How Do You Know When You Need a Business Associate Agreement?

If you’ve ever visited a healthcare system’s website, you were probably tracked by a number of web trackers.

Web trackers that monitor your user journey so the marketers at that healthcare system can understand what you did on their website. Web trackers that watch for conversions and trigger ads if you don’t schedule an appointment. Web trackers that collect information about an appointment you might’ve scheduled. Web trackers that trigger the automated emails. The list goes on and on.

Each one of those web trackers collects PHI about you. If the healthcare system doesn’t have a Business Associate Agreement with each one of the vendors that built each web tracker, the healthcare system could be violating HIPAA.

A Business Associate Agreement, or a BAA, is a document that states how a third party (aka business associate) will handle Protected Health Information (PHI) on behalf of a covered entity. In simple terms, this means the business associate will handle PHI with the same high standards as covered entities. BAAs also make business associates liable for improperly managing PHI. 

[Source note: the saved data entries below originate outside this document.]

lemma diag_dominant_field_PsiF:
  assumes "0 < K" "K < N - 1" "0 < a"
    and \<eta>_diff: "\<And>x. 0 < x \<Longrightarrow> \<eta> differentiable (at x)"
    and dd: "\<And>z i. z \<in> box_on (idx N) a b \<Longrightarrow> i \<in> idx N \<Longrightarrow>
      (\<Sum>j\<in>idx N - {i}. \<bar>pD (PsiF \<eta> K) z i j\<bar>) < pD (PsiF \<eta> K) z i i"
  shows "diag_dominant_field (idx N) a b (\<lambda>i r. PsiF \<eta> K r i - \<Phi> i) (pD (PsiF \<eta> K))"
proof
  fix z w i assume z: "z \<in> box_on (idx N) a b" and i: "i \<in> idx N"
  have "\<forall>j\<in>idx N. 0 < z j"
    using z \<open>0 < a\<close> by (force simp: box_on_def)
  from DERIV_diff[OF PsiF_line_deriv[OF assms(1,2) i this \<eta>_diff] DERIV_const]
  show "((\<lambda>u. PsiF \<eta> K (\<lambda>j. z j + u * w j) i - \<Phi> i) has_real_derivative
          (\<Sum>j\<in>idx N. pD (PsiF \<eta> K) z i j * w j)) (at 0)"
    by simp
qed (use dd finite_idx in auto)

theorem lemma4p3:
  fixes \<phi> :: "real \<Rightarrow> real" and a0 a1 r1 r2 rL rU :: real and N K :: int
    and \<Phi> :: "int \<Rightarrow> real"
  assumes phi_C3: "C3_pos \<phi>"
    and cst: "0 < a0" "a0 < r1" "r1 < r2" "r2 < 2 * a0" "a1 > a0"
    and eta1: "\<forall>r. 0 < r \<and> r < r1 \<longrightarrow> deriv (deriv \<phi>) r > 0" "\<forall>r. r > r1 \<longrightarrow> deriv (deriv \<phi>) r < 0"
    and eta2: "\<forall>r. 0 < r \<and> r < r2 \<longrightarrow> deriv (deriv (deriv \<phi>)) r < 0"
              "\<forall>r. r > r2 \<longrightarrow> deriv (deriv (deriv \<phi>)) r > 0"
    and etah: "\<forall>r. 0 < r \<and> r < a0 \<longrightarrow> eta_hat (deriv \<phi>) r < 0" "\<forall>r. r > a0 \<longrightarrow> eta_hat (deriv \<phi>) r > 0"
    and etah1: "\<forall>r. 0 < r \<and> r < a1 \<longrightarrow> deriv (eta_hat (deriv \<phi>)) r > 0"
               "\<forall>r. r > a1 \<longrightarrow> deriv (eta_hat (deriv \<phi>)) r < 0"
    and NK: "0 < K" "K < N - 1"
    and rLU: "0 < rL" "rL < rU" "rU < a1"
    and bdry: "\<forall>i\<in>idx N. \<forall>t\<in>{0..1}. \<forall>r\<in>Omega_bdry N rL rU.
                 (r i = rU \<longrightarrow> hom (deriv \<phi>) K \<Phi> r t i > 0) \<and> (r i = rL \<longrightarrow> hom (deriv \<phi>) K \<Phi> r t i < 0)"
    and dd: "\<forall>r\<in>Omega N rL rU. \<forall>i\<in>idx N.
               pD (PsiF (deriv \<phi>) K) r i i > (\<Sum>j\<in>idx N - {i}. \<bar>pD (PsiF (deriv \<phi>) K) r i j\<bar>)"
  shows "\<exists>!r. r \<in> Omega N rL rU \<and> (\<forall>j\<in>idx N. PsiF (deriv \<phi>) K r j = \<Phi> j)"
proof -
  have Omega: "Omega N rL rU = box_on (idx N) rL rU"
    by (simp add: Omega_def box_on_def)
  interpret diag_dominant_field "idx N" rL rU "\<lambda>i r. PsiF (deriv \<phi>) K r i - \<Phi> i"
    "pD (PsiF (deriv \<phi>) K)"
    by (rule diag_dominant_field_PsiF[OF NK rLU(1) C3_pos_deriv_differentiable[OF phi_C3]]) (use dd in \<open>auto simp: Omega\<close>)
  have "\<exists>!r. r \<in> box_on (idx N) rL rU \<and> (\<forall>i\<in>idx N. PsiF (deriv \<phi>) K r i - \<Phi> i = 0)"
  proof (rule unique_zero_in_box)
    fix i assume i: "i \<in> idx N"
    show "continuous_on (cbox_on (idx N) rL rU) (\<lambda>r. PsiF (deriv \<phi>) K r i - \<Phi> i)"
      by (intro continuous_on_diff continuous_on_const continuous_on_PsiF[OF NK i rLU(1) C3_pos_continuous_on_deriv[OF phi_C3]])
  next
    fix r j assume r: "r \<in> cbox_on (idx N) rL rU" and j: "j \<in> idx N"
    have "r \<in> Omega_bdry N rL rU" if "r j = rL \<or> r j = rU"
      using r j that by (auto simp: Omega_bdry_def cbox_on_def)
    moreover have "(r j = rU \<longrightarrow> 0 < hom (deriv \<phi>) K \<Phi> r 1 j) \<and> (r j = rL \<longrightarrow> hom (deriv \<phi>) K \<Phi> r 1 j < 0)"
      if "r \<in> Omega_bdry N rL rU"
      by (rule bdry[rule_format, OF j _ that]) simp
    ultimately show "r j = rU \<Longrightarrow> 0 < PsiF (deriv \<phi>) K r j - \<Phi> j"
      and "r j = rL \<Longrightarrow> PsiF (deriv \<phi>) K r j - \<Phi> j < 0"
      by (auto simp: hom_def)
  qed (rule rLU(2))
  then show ?thesis
    by (simp add: Omega)
qed

end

If your company is a covered entity, and you’re sharing PHI with any other company or contractor, you need to have a BAA in place with them. But there are certain types of companies that won’t sign a BAA. They don’t want to assume the liability of improperly managing PHI. What makes this difficult is those companies that won’t sign BAAs have built tools that are commonly used by marketers in all industries. 

Learn More

A word about PHI

PHI is at the center of a BAA. PHI, as we’ve mentioned before, is made up of two data points: personal identifiers and health information. 

An email address is a personal identifier because it's tied to one person. If you combine that email address with health information information about that person, then you have PHI.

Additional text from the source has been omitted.